Press Esc to hide this help

How to

Burn-in

Before we even install the machine, we should do some sort of stress-testing or burn-in so that we don't go through the lengthy install process and put into production fautly hardware.

This implies testing the various components to see if they support a moderate to high load. A tool like stressant can be used for that purpose, but a full procedure still needs to be established.

Example stressant run:

apt install stressant
stressant --email torproject-admin@torproject.org --overwrite --writeSize 10% --diskRuntime 120m --logfile $(hostname)-sda.log --diskDevice /dev/sda

This will wipe parts of /dev/sda, so be careful.
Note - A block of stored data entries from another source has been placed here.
(* For every composition $\alpha$, the number of maximal chains from the empty composition $\varnothing$ to $\alpha$ in the poset $\mathcal{R}_c$ (that is, the number of sequences $\varnothing=\alpha^{(0)}\lessdot_r\alpha^{(1)}\lessdot_r\cdots\lessdot_r\alpha^{(n)}=\alpha$) equals the number of standard reverse composition tableaux of shape $\alpha$.
   Context: Compositions have positive parts; $\varnothing$ is the empty composition. Operators: for $i\geq1$, $\mathfrak{d}_i(\alpha)$ subtracts $1$ from the rightmost part of $\alpha$ equal to $i$ (deleting a resulting $0$), and is $0$ if there is no such part; operators send $0$ to $0$. $\mathfrak{v}_{[i-1]}=\mathfrak{d}_1\cdots\mathfrak{d}_{i-1}$ ($\mathfrak{d}_{i-1}$ applied first; $\mathfrak{v}_{[0]}=\mathrm{id}$), $a_i$ appends a part $i$ at the end, $u_i=a_i\mathfrak{v}_{[i-1]}$. The poset $\mathcal{R}_c$ on compositions has cover relation $\alpha\lessdot_r\beta$ iff $\beta=u_i(\alpha)$ for some $i\geq1$, and its order is the transitive closure. An SRCT of shape $\alpha\vDash m$ (reverse composition diagram: row $r$ from the top has $\alpha_r$ left-justified boxes) is a bijective filling $\tau$ by $\{1,\ldots,m\}$ with rows decreasing left to right, first column increasing top to bottom, and such that for rows $r<s$ and column $c$ with $(s,c+1)$ a box, if $\tau(r,c)>\tau(s,c+1)$ then $(r,c+1)$ is a box and $\tau(r,c+1)>\tau(s,c+1)$. *)

theory Defs
  imports Main
begin

definition is_composition :: "nat list \<Rightarrow> bool" where
  "is_composition \<alpha> \<longleftrightarrow> (\<forall>p\<in>set \<alpha>. 0 < p)"
text \<open>The linear space of a Latin square \<open>c\<close>: points \<open>X\<^sub>i\<close>, \<open>Y\<^sub>j\<close>, \<open>Z\<^sub>k\<close> (\<open>i, k < q\<close>, \<open>j < m\<close>);
  three long lines through all \<open>X\<close>-, all \<open>Y\<close>-, all \<open>Z\<close>-points; for every \<open>i, k\<close> the line
  \<open>{X\<^sub>i, Y\<^bsub>c i k\<^esub>, Z\<^sub>k}\<close>; two-point lines joining the remaining pairs \<open>X\<^sub>i Y\<^sub>j\<close> and
  \<open>Y\<^sub>j Z\<^sub>k\<close>; and \<open>p\<close> padding lines through \<open>X\<^sub>0\<close> alone, which only serve to adjust the size.\<close>

datatype elem = Bot | Top | PtX nat | PtY nat | PtZ nat | LnX | LnY | LnZ
  | LnXZ nat nat | LnXY nat nat | LnYZ nat nat | LnPad nat

fun in_range :: "nat \<Rightarrow> nat \<Rightarrow> nat \<Rightarrow> elem \<Rightarrow> bool" where
  "in_range q m p Bot = True"
| "in_range q m p Top = True"
| "in_range q m p (PtX i) = (i < q)"
| "in_range q m p (PtY j) = (j < m)"
| "in_range q m p (PtZ k) = (k < q)"
| "in_range q m p LnX = True"
| "in_range q m p LnY = True"
| "in_range q m p LnZ = True"
| "in_range q m p (LnXZ i k) = (i < q \<and> k < q)"
| "in_range q m p (LnXY i j) = (i < q \<and> j < m)"
| "in_range q m p (LnYZ j k) = (j < m \<and> k < q)"
| "in_range q m p (LnPad l) = (l < p)"

fun is_point :: "elem \<Rightarrow> bool" where
  "is_point (PtX i) = True"
| "is_point (PtY j) = True"
| "is_point (PtZ k) = True"
| "is_point _ = False"

definition is_line :: "elem \<Rightarrow> bool" where
  "is_line e \<longleftrightarrow> e \<noteq> Bot \<and> e \<noteq> Top \<and> \<not> is_point e"

fun incident :: "(nat \<Rightarrow> nat \<Rightarrow> nat) \<Rightarrow> nat \<Rightarrow> elem \<Rightarrow> elem \<Rightarrow> bool" where
  "incident c q (PtX i) LnX = True"
| "incident c q (PtY j) LnY = True"
| "incident c q (PtZ k) LnZ = True"
| "incident c q (PtX i) (LnXZ i' k) = (i = i')"
| "incident c q (PtY j) (LnXZ i k) = (j = c i k)"
| "incident c q (PtZ k) (LnXZ i k') = (k = k')"
| "incident c q (PtX i) (LnXY i' j) = (i = i')"
| "incident c q (PtY j) (LnXY i j') = (j = j' \<and> (\<forall>k<q. c i k \<noteq> j))"
| "incident c q (PtY j) (LnYZ j' k) = (j = j' \<and> (\<forall>i<q. c i k \<noteq> j))"
| "incident c q (PtZ k) (LnYZ j k') = (k = k')"
| "incident c q (PtX i) (LnPad l) = (i = 0)"
| "incident c q _ _ = False"

lemma incident_PtX_cases:
  "incident c q (PtX i) e \<Longrightarrow> e = LnX \<or> (\<exists>k. e = LnXZ i k) \<or> (\<exists>j. e = LnXY i j) \<or> (\<exists>l. e = LnPad l \<and> i = 0)"
  by (cases e) auto

lemma incident_PtY_cases: "incident c q (PtY j) e \<Longrightarrow> e = LnY \<or> (\<exists>i k. e = LnXZ i k \<and> j = c i k) \<or>
   (\<exists>i. e = LnXY i j \<and> (\<forall>k<q. c i k \<noteq> j)) \<or> (\<exists>k. e = LnYZ j k \<and> (\<forall>i<q. c i k \<noteq> j))"
  by (cases e) auto

lemma incident_PtZ_cases: "incident c q (PtZ k) e \<Longrightarrow> e = LnZ \<or> (\<exists>i. e = LnXZ i k) \<or> (\<exists>j. e = LnYZ j k)"
  by (cases e) auto

lemma is_point_cases: "is_point e \<Longrightarrow> (\<exists>i. e = PtX i) \<or> (\<exists>j. e = PtY j) \<or> (\<exists>k. e = PtZ k)"
  by (cases e) auto

lemma common_line_unique:
  assumes c: "latin_square q m c" and p1: "is_point e1" and p2: "is_point e2" and ne: "e1 \<noteq> e2"
    and a: "in_range q m p e" "incident c q e1 e" "incident c q e2 e"
    and b: "in_range q m p e'" "incident c q e1 e'" "incident c q e2 e'"
  shows "e = e'"
proof -
  have row: "\<And>i k k'. i < q \<Longrightarrow> k < q \<Longrightarrow> k' < q \<Longrightarrow> c i k = c i k' \<Longrightarrow> k = k'"
    and col: "\<And>i i' k. i < q \<Longrightarrow> i' < q \<Longrightarrow> k < q \<Longrightarrow> c i k = c i' k \<Longrightarrow> i = i'"
    using c unfolding latin_square_def inj_on_def by auto
  note X = incident_PtX_cases[of c q _ e] incident_PtX_cases[of c q _ e']
  note Y = incident_PtY_cases[of c q _ e] incident_PtY_cases[of c q _ e']
  note Z = incident_PtZ_cases[of c q _ e] incident_PtZ_cases[of c q _ e']
  from is_point_cases[OF p1] is_point_cases[OF p2] show ?thesis
  proof (elim disjE exE)
    fix i i' assume "e1 = PtX i" "e2 = PtX i'"
    then show ?thesis using a b ne X[of i] X[of i'] by auto
  next
    fix i j assume "e1 = PtX i" "e2 = PtY j"
    then show ?thesis using a b X[of i] row by auto
  next
    fix i k assume "e1 = PtX i" "e2 = PtZ k"
    then show ?thesis using a b X[of i] by auto
  next
    fix j i assume "e1 = PtY j" "e2 = PtX i"
    then show ?thesis using a b X[of i] row by auto
  next
    fix j j' assume "e1 = PtY j" "e2 = PtY j'"
    then show ?thesis using a b ne Y[of j] Y[of j'] by auto
  next
    fix j k assume "e1 = PtY j" "e2 = PtZ k"
    then show ?thesis using a b Z[of k] col by auto
  next
    fix k i assume "e1 = PtZ k" "e2 = PtX i"
    then show ?thesis using a b X[of i] by auto
  next
    fix k j assume "e1 = PtZ k" "e2 = PtY j"
    then show ?thesis using a b Z[of k] col by auto
  next
    fix k k' assume "e1 = PtZ k" "e2 = PtZ k'"
    then show ?thesis using a b ne Z[of k] Z[of k'] by auto
  qed
qed

lemma line_through_PtX_PtY:
  assumes "i < q" "j < m"
  shows "\<exists>e. in_range q m p e \<and> is_line e \<and> incident c q (PtX i) e \<and> incident c q (PtY j) e"
proof (cases "\<exists>k<q. c i k = j")
  case True
  then obtain k where "k < q" "c i k = j" by auto
  then show ?thesis using assms by (intro exI[of _ "LnXZ i k"]) (auto simp: is_line_def)
next
  case False
  then show ?thesis using assms by (intro exI[of _ "LnXY i j"]) (auto simp: is_line_def)
qed

lemma line_through_PtY_PtZ:
  assumes "j < m" "k < q"
  shows "\<exists>e. in_range q m p e \<and> is_line e \<and> incident c q (PtY j) e \<and> incident c q (PtZ k) e"
proof (cases "\<exists>i<q. c i k = j")
  case True
  then obtain i where "i < q" "c i k = j" by auto
  then show ?thesis using assms by (intro exI[of _ "LnXZ i k"]) (auto simp: is_line_def)
next
  case False
  then show ?thesis using assms by (intro exI[of _ "LnYZ j k"]) (auto simp: is_line_def)
qed

lemma common_line_exists:
  assumes "in_range q m p e1" "in_range q m p e2" "is_point e1" "is_point e2"
  shows "\<exists>e. in_range q m p e \<and> is_line e \<and> incident c q e1 e \<and> incident c q e2 e"
  using is_point_cases[OF assms(3)] is_point_cases[OF assms(4)]
proof (elim disjE exE)
  fix i i' assume "e1 = PtX i" "e2 = PtX i'"
  then show ?thesis by (intro exI[of _ LnX]) (auto simp: is_line_def)
next
  fix i j assume "e1 = PtX i" "e2 = PtY j"
  then show ?thesis using assms line_through_PtX_PtY by auto
next
  fix i k assume "e1 = PtX i" "e2 = PtZ k"
  then show ?thesis using assms by (intro exI[of _ "LnXZ i k"]) (auto simp: is_line_def)
next
  fix j i assume "e1 = PtY j" "e2 = PtX i"
  then show ?thesis using assms line_through_PtX_PtY[of i q j m p c] by auto
next
  fix j j' assume "e1 = PtY j" "e2 = PtY j'"
  then show ?thesis by (intro exI[of _ LnY]) (auto simp: is_line_def)
next
  fix j k assume "e1 = PtY j" "e2 = PtZ k"
  then show ?thesis using assms line_through_PtY_PtZ by auto
next
  fix k i assume "e1 = PtZ k" "e2 = PtX i"
  then show ?thesis using assms by (intro exI[of _ "LnXZ i k"]) (auto simp: is_line_def)
next
  fix k j assume "e1 = PtZ k" "e2 = PtY j"
  then show ?thesis using assms line_through_PtY_PtZ[of j m k q p c] by auto
next
  fix k k' assume "e1 = PtZ k" "e2 = PtZ k'"
  then show ?thesis by (intro exI[of _ LnZ]) (auto simp: is_line_def)
qed

lemma line_has_point_elem: assumes "in_range q m p e" "is_line e" "0 < q" "0 < m"
  shows "\<exists>e'. in_range q m p e' \<and> is_point e' \<and> incident c q e' e"
  using assms
proof (cases e)
  case LnX then show ?thesis using assms by (intro exI[of _ "PtX 0"]) auto
next
  case LnY then show ?thesis using assms by (intro exI[of _ "PtY 0"]) auto
next
  case LnZ then show ?thesis using assms by (intro exI[of _ "PtZ 0"]) auto
next
  case (LnXZ i k) then show ?thesis using assms by (intro exI[of _ "PtX i"]) auto
next
  case (LnXY i j) then show ?thesis using assms by (intro exI[of _ "PtX i"]) auto
next
  case (LnYZ j k) then show ?thesis using assms by (intro exI[of _ "PtZ k"]) auto
next
  case (LnPad l) then show ?thesis using assms by (intro exI[of _ "PtX 0"]) auto
qed (auto simp: is_line_def)

definition elems :: "nat \<Rightarrow> nat \<Rightarrow> nat \<Rightarrow> elem list" where
  "elems q m p = [Bot] @ map PtX [0..<q] @ map PtY [0..<m] @ map PtZ [0..<q] @ [LnX, LnY, LnZ]
     @ map (\<lambda>(i,k). LnXZ i k) (List.product [0..<q] [0..<q])
     @ map (\<lambda>(i,j). LnXY i j) (List.product [0..<q] [0..<m])
     @ map (\<lambda>(j,k). LnYZ j k) (List.product [0..<m] [0..<q])
     @ map LnPad [0..<p] @ [Top]"

lemma set_elems: "set (elems q m p) = {e. in_range q m p e}"
proof (intro set_eqI iffI)
  fix e assume "e \<in> {e. in_range q m p e}"
  then show "e \<in> set (elems q m p)" by (cases e) (auto simp: elems_def image_iff)
qed (auto simp: elems_def)

lemma distinct_elems: "distinct (elems q m p)"
  unfolding elems_def by (auto simp: distinct_map inj_on_def distinct_product)

definition num_elems :: "nat \<Rightarrow> nat \<Rightarrow> nat \<Rightarrow> nat" where
  "num_elems q m p = length (elems q m p)"

lemma num_elems_eq: "num_elems q m p = 5 + 2 * q + m + q * q + 2 * q * m + p"
  unfolding num_elems_def elems_def by (simp add: length_product)

lemma elems_nth_inj:
  "x < num_elems q m p \<Longrightarrow> y < num_elems q m p \<Longrightarrow> elems q m p ! x = elems q m p ! y \<Longrightarrow> x = y"
  using distinct_elems[of q m p] unfolding num_elems_def by (simp add: nth_eq_iff_index_eq)

lemma in_range_elems_nth: "x < num_elems q m p \<Longrightarrow> in_range q m p (elems q m p ! x)"
  using set_elems[of q m p] nth_mem[of x "elems q m p"] unfolding num_elems_def by auto

lemma elems_index_exists: "in_range q m p e \<Longrightarrow> \<exists>x < num_elems q m p. elems q m p ! x = e"
  using set_elems[of q m p] unfolding num_elems_def by (metis in_set_conv_nth mem_Collect_eq)

lemma elems_nth_Bot_iff: "x < num_elems q m p \<Longrightarrow> elems q m p ! x = Bot \<longleftrightarrow> x = 0"
proof -
  have "elems q m p ! 0 = Bot" by (simp add: elems_def)
  then show "x < num_elems q m p \<Longrightarrow> ?thesis"
    using elems_nth_inj[of x q m p 0] by (auto simp: num_elems_eq)
qed

lemma elems_nth_Top_iff:
  "x < num_elems q m p \<Longrightarrow> elems q m p ! x = Top \<longleftrightarrow> x = num_elems q m p - 1"
proof -
  have "elems q m p ! (num_elems q m p - 1) = Top"
    unfolding num_elems_def elems_def by (simp add: nth_append)
  then show "x < num_elems q m p \<Longrightarrow> ?thesis"
    using elems_nth_inj[of x q m p "num_elems q m p - 1"] by (auto simp: num_elems_eq)
qed

definition point_at :: "nat \<Rightarrow> nat \<Rightarrow> nat \<Rightarrow> nat \<Rightarrow> bool" where
  "point_at q m p x \<longleftrightarrow> x < num_elems q m p \<and> is_point (elems q m p ! x)"

definition incident_at :: "(nat \<Rightarrow> nat \<Rightarrow> nat) \<Rightarrow> nat \<Rightarrow> nat \<Rightarrow> nat \<Rightarrow> nat \<Rightarrow> nat \<Rightarrow> bool" where
  "incident_at c q m p x y \<longleftrightarrow> incident c q (elems q m p ! x) (elems q m p ! y)"

definition array_lattice :: "(nat \<Rightarrow> nat \<Rightarrow> nat) \<Rightarrow> nat \<Rightarrow> nat \<Rightarrow> nat \<Rightarrow> nat \<Rightarrow> nat \<Rightarrow> bool" where
  "array_lattice c q m p =
     incidence_order (num_elems q m p) 0 (num_elems q m p - 1) (point_at q m p) (incident_at c q m p)"

lemma is_line_elems_nth_iff:
  "x < num_elems q m p \<Longrightarrow>
    is_line (elems q m p ! x) \<longleftrightarrow> x \<noteq> 0 \<and> x \<noteq> num_elems q m p - 1 \<and> \<not> point_at q m p x"
  unfolding is_line_def point_at_def using elems_nth_Bot_iff elems_nth_Top_iff by blast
If instead you want to test inside a directory, use this:

stressant --email torproject-admin@torproject.org  --diskRuntime 120m --logfile fsn-node-05-home-test.log --directory /home/test --writeSize 1024M

Stressant is still in development and currently has serious limitations (e.g. it tests one disk at a time and clunky UI) but should be a good way to get started.

Installation

This document assumes the machine is already installed with a Debian operating system. We preferably install stable or, when close to the release, testing. Here are site-specific installs:

The following sites are not documented yet:

  • eclips.is: our account is marked as "suspended" but oddly enough we have 200 credits which would give us (roughly) 32GB of RAM and 8 vCPUs (yearly? monthly? how knows). it is (separately) used by the metrics team for onionperf, that said

The following sites are deprecated:

  • KVM/libvirt (really at Hetzner) - replaced by Ganeti
  • scaleway - see ticket 32920

Post-install configuration

The post-install configuration mostly takes care of bootstrapping Puppet and everything else follows from there. There are, however, still some unrelated manual steps but those should eventually all be automated (see ticket #31239 for details of that work).

Pre-requisites

The procedure below assumes the following steps have already been taken by the installer:

  1. Any new expenses for physical hosting, cloud services and such, need to be approved by accounting and ops before we can move with the creation.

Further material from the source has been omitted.